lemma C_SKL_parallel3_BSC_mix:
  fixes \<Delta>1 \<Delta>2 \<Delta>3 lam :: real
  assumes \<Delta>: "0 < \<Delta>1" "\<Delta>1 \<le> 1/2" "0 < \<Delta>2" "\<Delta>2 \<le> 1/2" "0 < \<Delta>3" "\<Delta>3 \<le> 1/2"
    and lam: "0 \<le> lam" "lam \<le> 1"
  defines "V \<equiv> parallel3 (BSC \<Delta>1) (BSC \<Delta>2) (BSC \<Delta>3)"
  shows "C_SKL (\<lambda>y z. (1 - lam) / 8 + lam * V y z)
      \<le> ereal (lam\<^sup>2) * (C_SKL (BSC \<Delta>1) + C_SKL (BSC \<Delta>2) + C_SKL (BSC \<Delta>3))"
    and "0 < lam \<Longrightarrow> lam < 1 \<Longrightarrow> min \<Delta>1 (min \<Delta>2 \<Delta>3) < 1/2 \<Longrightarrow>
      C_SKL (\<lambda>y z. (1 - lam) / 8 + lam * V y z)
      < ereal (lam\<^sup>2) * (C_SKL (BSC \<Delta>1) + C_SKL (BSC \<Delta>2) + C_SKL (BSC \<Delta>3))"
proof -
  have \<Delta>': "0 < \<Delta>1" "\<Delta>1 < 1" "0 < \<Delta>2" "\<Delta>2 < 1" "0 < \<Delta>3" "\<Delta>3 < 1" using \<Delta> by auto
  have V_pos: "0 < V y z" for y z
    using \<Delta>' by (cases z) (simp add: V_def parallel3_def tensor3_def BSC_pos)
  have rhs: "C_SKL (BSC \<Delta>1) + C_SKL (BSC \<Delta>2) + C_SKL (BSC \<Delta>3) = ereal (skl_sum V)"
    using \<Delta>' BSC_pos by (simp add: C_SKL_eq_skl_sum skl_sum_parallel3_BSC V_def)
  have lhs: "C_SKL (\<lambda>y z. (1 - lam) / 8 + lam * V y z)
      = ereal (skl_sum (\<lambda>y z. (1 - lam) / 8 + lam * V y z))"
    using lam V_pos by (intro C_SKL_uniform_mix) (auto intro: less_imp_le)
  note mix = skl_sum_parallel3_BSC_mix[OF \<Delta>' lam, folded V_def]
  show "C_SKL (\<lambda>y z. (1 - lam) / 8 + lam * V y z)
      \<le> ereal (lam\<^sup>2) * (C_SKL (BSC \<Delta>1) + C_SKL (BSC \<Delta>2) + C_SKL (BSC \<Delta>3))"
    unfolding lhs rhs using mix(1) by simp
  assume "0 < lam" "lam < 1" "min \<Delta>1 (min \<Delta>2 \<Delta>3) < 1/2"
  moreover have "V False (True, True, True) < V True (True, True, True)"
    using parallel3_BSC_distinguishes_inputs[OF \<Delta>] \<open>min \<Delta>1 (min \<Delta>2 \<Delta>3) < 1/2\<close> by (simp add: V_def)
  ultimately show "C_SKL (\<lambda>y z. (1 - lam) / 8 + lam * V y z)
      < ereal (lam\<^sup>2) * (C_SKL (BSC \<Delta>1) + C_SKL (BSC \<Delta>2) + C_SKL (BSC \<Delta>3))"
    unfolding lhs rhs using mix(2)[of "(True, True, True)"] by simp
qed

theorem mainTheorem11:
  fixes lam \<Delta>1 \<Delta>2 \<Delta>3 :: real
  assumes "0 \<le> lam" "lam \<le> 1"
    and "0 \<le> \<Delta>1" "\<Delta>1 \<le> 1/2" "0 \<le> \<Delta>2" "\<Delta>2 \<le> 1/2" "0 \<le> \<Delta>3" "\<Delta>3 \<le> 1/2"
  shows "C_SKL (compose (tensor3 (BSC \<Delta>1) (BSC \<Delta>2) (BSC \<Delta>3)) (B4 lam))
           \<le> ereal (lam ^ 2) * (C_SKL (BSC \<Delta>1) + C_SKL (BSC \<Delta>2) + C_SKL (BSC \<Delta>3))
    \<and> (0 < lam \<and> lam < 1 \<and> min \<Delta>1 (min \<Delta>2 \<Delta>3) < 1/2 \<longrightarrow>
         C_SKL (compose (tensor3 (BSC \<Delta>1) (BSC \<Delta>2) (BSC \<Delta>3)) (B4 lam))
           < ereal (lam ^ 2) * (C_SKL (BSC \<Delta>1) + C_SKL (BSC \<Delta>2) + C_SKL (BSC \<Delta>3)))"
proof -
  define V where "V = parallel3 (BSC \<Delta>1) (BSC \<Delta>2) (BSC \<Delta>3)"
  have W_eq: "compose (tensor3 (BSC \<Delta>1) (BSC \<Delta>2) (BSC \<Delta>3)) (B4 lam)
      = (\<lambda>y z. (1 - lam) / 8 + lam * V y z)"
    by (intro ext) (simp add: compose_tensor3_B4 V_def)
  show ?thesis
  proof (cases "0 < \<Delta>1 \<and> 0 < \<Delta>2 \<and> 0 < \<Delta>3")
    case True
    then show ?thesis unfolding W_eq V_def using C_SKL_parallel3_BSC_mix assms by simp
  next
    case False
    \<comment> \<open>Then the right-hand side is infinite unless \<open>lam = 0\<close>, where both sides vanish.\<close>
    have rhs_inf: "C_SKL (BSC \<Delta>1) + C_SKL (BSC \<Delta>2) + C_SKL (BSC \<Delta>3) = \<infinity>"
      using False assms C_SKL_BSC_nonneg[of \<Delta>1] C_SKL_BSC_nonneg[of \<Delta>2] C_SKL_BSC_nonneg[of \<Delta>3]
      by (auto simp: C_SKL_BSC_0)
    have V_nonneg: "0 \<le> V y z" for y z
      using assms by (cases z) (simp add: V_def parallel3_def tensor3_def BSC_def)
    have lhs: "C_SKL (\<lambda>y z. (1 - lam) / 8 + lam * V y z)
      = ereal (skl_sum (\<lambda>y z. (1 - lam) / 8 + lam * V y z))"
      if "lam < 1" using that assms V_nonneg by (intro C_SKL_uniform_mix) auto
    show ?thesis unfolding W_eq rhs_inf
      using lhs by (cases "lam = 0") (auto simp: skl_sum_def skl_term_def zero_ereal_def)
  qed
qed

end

++++++

Your goal:
Only the lines that contain the string "intro" are to be copied from the records.

Response area:
    using lam V_pos by (intro C_SKL_uniform_mix) (auto intro: less_imp_le)
    by (intro ext) (simp add: compose_tensor3_B4 V_def)
      if "lam < 1" using that assms V_nonneg by (intro C_SKL_uniform_mix) auto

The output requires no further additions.